─── GIVEN DATA

lemma Re_mult_phase_linear_part:
  "(\<chi> i. Re ((A *v phase_linear_part A x0 (analysis A e)) $ i))
     = transpose (ImBadj_supp A x0) *v (ImBadj_supp A x0 *v e)"
proof -
  let ?S = "ImBadj_supp A x0" and ?ph = "cphase (analysis A x0)"
  have "Re (A $ i $ j * phase_linear_part A x0 (analysis A e) $ j) = ?S $ j $ i * (?S *v e) $ j" for i j
  proof (cases "0 < cabs (analysis A x0) $ j")
    case True
    then have "Im (cnj (?ph $ j) * analysis A e $ j) = (?S *v e) $ j"
      by (simp only: ImBadj_supp_mult_nth if_True Im_cnj_cphase_mult_analysis)
    then have L: "phase_linear_part A x0 (analysis A e) $ j = ?ph $ j * (\<i> * (?S *v e) $ j)"
      using True by (simp only: phase_linear_part_def vec_lambda_beta if_True)
    have S: "?S $ j $ i = - Im (A $ i $ j * ?ph $ j)"
      using True by (simp add: ImBadj_supp_def ImBadj_def Bmat_def adj_def)
    have Re_rotate: "Re (a * (p * (\<i> * q))) = - Im (a * p) * q" for a p :: complex and q :: real
      by (simp add: algebra_simps)
    show ?thesis by (simp only: L S Re_rotate)
  next
    case False
    then show ?thesis by (simp add: phase_linear_part_def ImBadj_supp_def)
  qed
  then show ?thesis
    by (simp add: vec_eq_iff matrix_vector_mult_def transpose_def Re_sum)
qed

lemma cphase_nth_eq_sgn: "y $ j \<noteq> 0 \<Longrightarrow> cphase y $ j = sgn (y $ j)"
  by (simp add: cphase_def sgn_eq)

lemma norm_le_sum_norm_nth: "norm (x :: 'a::real_normed_vector^'n) \<le> (\<Sum>i\<in>UNIV. norm (x $ i))"
  unfolding norm_vec_def by (rule L2_set_le_sum) simp

lemma power2_norm_vec_eq_sum: "(norm (x :: 'a::real_normed_vector^'n))\<^sup>2 = (\<Sum>i\<in>UNIV. (norm (x $ i))\<^sup>2)"
  unfolding norm_vec_def L2_set_def by (simp add: sum_nonneg)

lemma phase_remainder_le:
  fixes A :: "complex^'N^'n" and x0 x :: "real^'n"
  defines "\<delta> \<equiv> min_pos_entry (cabs (analysis A x0))"
  assumes iso: "A ** adj A = mat 1" and x: "norm (x - x0) \<le> \<delta> / 2"
  shows "norm ((\<chi> j. cabs (analysis A x0) $ j * cphase (analysis A x) $ j) - analysis A x0
            - phase_linear_part A x0 (analysis A (x - x0))) \<le> 4 / \<delta> * (norm (x - x0))\<^sup>2"
    (is "norm ?r \<le> _")
proof -
  define y0 b ph d where "y0 = analysis A x0" and "b = cabs y0" and "ph = cphase y0"
    and "d = analysis A (x - x0)"
  have \<delta>: "0 < \<delta>" by (simp add: \<delta>_def min_pos_entry_pos)
  have nd: "norm d = norm (x - x0)" by (simp add: d_def norm_adj_mult_isometry[OF iso] norm_cvec)
  have comp: "cmod (?r $ j) \<le> 4 / \<delta> * (cmod (d $ j))\<^sup>2" for j
  proof (cases "0 < b $ j")
    case False
    then have "b $ j = 0" "y0 $ j = 0" by (simp_all add: b_def cabs_def)
    with False \<delta> show ?thesis by (simp add: b_def y0_def phase_linear_part_def)
  next
    case True
    have \<delta>b: "\<delta> \<le> b $ j" using True by (simp add: \<delta>_def b_def y0_def min_pos_entry_le)
    have ph: "cmod (ph $ j) = 1" by (simp add: ph_def norm_cphase_nth)
    have dj: "cmod (d $ j) \<le> b $ j / 2" using Finite_Cartesian_Product.norm_nth_le[of d j] nd x \<delta>b by linarith
    have y: "analysis A x $ j = ph $ j * b $ j + d $ j"
      by (simp add: d_def ph_def b_def y0_def cvec_diff matrix_vector_mult_diff_distrib cphase_mult_cabs_nth)
    have "b $ j - cmod (d $ j) \<le> cmod (ph $ j * b $ j + d $ j)"
      using norm_diff_ineq[of "ph $ j * b $ j" "d $ j"] ph True by (simp add: norm_mult)
    then have "analysis A x $ j \<noteq> 0" using y dj True by auto
    then have "?r $ j = b $ j * sgn (ph $ j * b $ j + d $ j) - ph $ j * b $ j
                        - ph $ j * (\<i> * Im (cnj (ph $ j) * d $ j))"
      using True y by (simp add: cphase_nth_eq_sgn phase_linear_part_def cphase_mult_cabs_nth
          b_def ph_def y0_def d_def)
    also have "cmod \<dots> \<le> 4 * (cmod (d $ j))\<^sup>2 / b $ j"
      using ph True dj by (rule cmod_sgn_rotated_linearization)
    also have "\<dots> \<le> 4 * (cmod (d $ j))\<^sup>2 / \<delta>"
      using \<delta>b \<delta> by (intro divide_left_mono) auto
    finally show ?thesis by simp
  qed
  have "norm ?r \<le> (\<Sum>j\<in>UNIV. cmod (?r $ j))" by (rule norm_le_sum_norm_nth)
  also have "\<dots> \<le> (\<Sum>j\<in>UNIV. 4 / \<delta> * (cmod (d $ j))\<^sup>2)" by (rule sum_mono) (rule comp)
  also have "\<dots> = 4 / \<delta> * (norm (x - x0))\<^sup>2" by (simp add: nd[symmetric] power2_norm_vec_eq_sum sum_distrib_left)
  finally show ?thesis .
qed

lemma norm_projX_diff_le:
  assumes "inX pos x0"
  shows "norm (projX pos z - x0) \<le> norm ((\<chi> i. Re (z $ i)) - x0)"
  using assms by (intro norm_le_componentwise_cart) (auto simp: inX_def projX_def max_def)

lemma PR_map_error_le:
  fixes A :: "complex^'N^'n" and x0 x :: "real^'n"
  defines "\<delta> \<equiv> min_pos_entry (cabs (analysis A x0))"
  assumes iso: "A ** adj A = mat 1" and x0X: "inX pos x0" and x0nz: "x0 \<noteq> 0"
    and x: "norm (x - x0) \<le> \<delta> / 2"
  shows "norm (PR_map pos A x0 x - x0)
           \<le> (lambda2 A x0)\<^sup>2 * norm (x - x0) + 4 / \<delta> * (norm (x - x0))\<^sup>2"
proof -
  define z where "z = (\<chi> j. complex_of_real (cabs (analysis A x0) $ j) * cphase (analysis A x) $ j)"
  define L where "L = phase_linear_part A x0 (analysis A (x - x0))"
  define r where "r = z - analysis A x0 - L"
  define S where "S = ImBadj_supp A x0"
  have "A *v analysis A x0 = cvec x0" by (simp add: matrix_vector_mul_assoc iso)
  then have "(\<chi> i. Re ((A *v z) $ i)) - x0 = (\<chi> i. Re ((A *v L) $ i)) + (\<chi> i. Re ((A *v r) $ i))"
    by (simp add: r_def matrix_vector_mult_diff_distrib vec_eq_iff cvec_def)
  also have "(\<chi> i. Re ((A *v L) $ i)) = transpose S *v (S *v (x - x0))"
    by (simp add: L_def S_def Re_mult_phase_linear_part)
  finally have decomp: "(\<chi> i. Re ((A *v z) $ i)) - x0 = transpose S *v (S *v (x - x0)) + (\<chi> i. Re ((A *v r) $ i))" .
  have "norm (\<chi> i. Re ((A *v r) $ i)) \<le> norm (A *v r)"
    by (rule norm_le_componentwise_cart) (simp add: abs_Re_le_cmod)
  also have "\<dots> \<le> norm r" by (rule norm_mult_coisometry_le[OF iso])
  also have "\<dots> \<le> 4 / \<delta> * (norm (x - x0))\<^sup>2"
    unfolding r_def z_def L_def \<delta>_def by (rule phase_remainder_le[OF iso x[unfolded \<delta>_def]])
  finally have Re_r: "norm (\<chi> i. Re ((A *v r) $ i)) \<le> 4 / \<delta> * (norm (x - x0))\<^sup>2" .
  have lin: "norm (transpose S *v (S *v (x - x0))) \<le> (lambda2 A x0)\<^sup>2 * norm (x - x0)"
    unfolding S_def by (intro norm_transpose_mult_le norm_ImBadj_supp_le lambda2_nonneg x0nz)
  have "norm (PR_map pos A x0 x - x0) \<le> norm ((\<chi> i. Re ((A *v z) $ i)) - x0)"
    unfolding PR_map_def z_def using x0X by (rule norm_projX_diff_le)
  also have "\<dots> \<le> (lambda2 A x0)\<^sup>2 * norm (x - x0) + 4 / \<delta> * (norm (x - x0))\<^sup>2"
    unfolding decomp using norm_triangle_ineq lin Re_r by (rule order_trans[OF _ add_mono])
  finally show ?thesis .
qed

lemma PR_map_local_contraction:
  fixes A :: "complex^'N^'n" and x0 :: "real^'n"
  assumes iso: "A ** adj A = mat 1" and x0X: "inX pos x0" and x0nz: "x0 \<noteq> 0" and \<epsilon>: "0 < \<epsilon>"
  obtains \<delta> where "0 < \<delta>" "\<delta> \<le> norm x0"
    and "\<And>x. norm (x - x0) < \<delta> \<Longrightarrow>
           norm (PR_map pos A x0 x - x0) \<le> ((lambda2 A x0)\<^sup>2 + \<epsilon>) * norm (x - x0)"
proof
  define d0 where "d0 = min_pos_entry (cabs (analysis A x0))"
  have d0: "0 < d0" by (simp add: d0_def min_pos_entry_pos)
  show "0 < min (min (d0 / 2) (\<epsilon> * d0 / 4)) (norm x0)" using d0 \<epsilon> x0nz by simp
  show "min (min (d0 / 2) (\<epsilon> * d0 / 4)) (norm x0) \<le> norm x0" by simp
  fix x
  assume x: "norm (x - x0) < min (min (d0 / 2) (\<epsilon> * d0 / 4)) (norm x0)"
  have "4 / d0 * (norm (x - x0))\<^sup>2 = (4 / d0 * norm (x - x0)) * norm (x - x0)"
    by (simp add: power2_eq_square)
  also have "\<dots> \<le> \<epsilon> * norm (x - x0)"
    using x d0 by (intro mult_right_mono) (auto simp: field_simps)
  finally have "4 / d0 * (norm (x - x0))\<^sup>2 \<le> \<epsilon> * norm (x - x0)" .
  moreover have "norm (PR_map pos A x0 x - x0)
      \<le> (lambda2 A x0)\<^sup>2 * norm (x - x0) + 4 / d0 * (norm (x - x0))\<^sup>2"
    unfolding d0_def using x by (intro PR_map_error_le[OF iso x0X x0nz]) (simp add: d0_def)
  ultimately show "norm (PR_map pos A x0 x - x0) \<le> ((lambda2 A x0)\<^sup>2 + \<epsilon>) * norm (x - x0)"
    by (simp add: algebra_simps)
qed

──────

WHAT THE EXERCISE ASKS:
When the entries above show the word "auto" in a line, copy that line out.

EXERCISE RESULT:
    then have "analysis A x $ j \<noteq> 0" using y dj True by auto
      using \<delta>b \<delta> by (intro divide_left_mono) auto
  using assms by (intro norm_le_componentwise_cart) (auto simp: inX_def projX_def max_def)
    using x d0 by (intro mult_right_mono) (auto simp: field_simps)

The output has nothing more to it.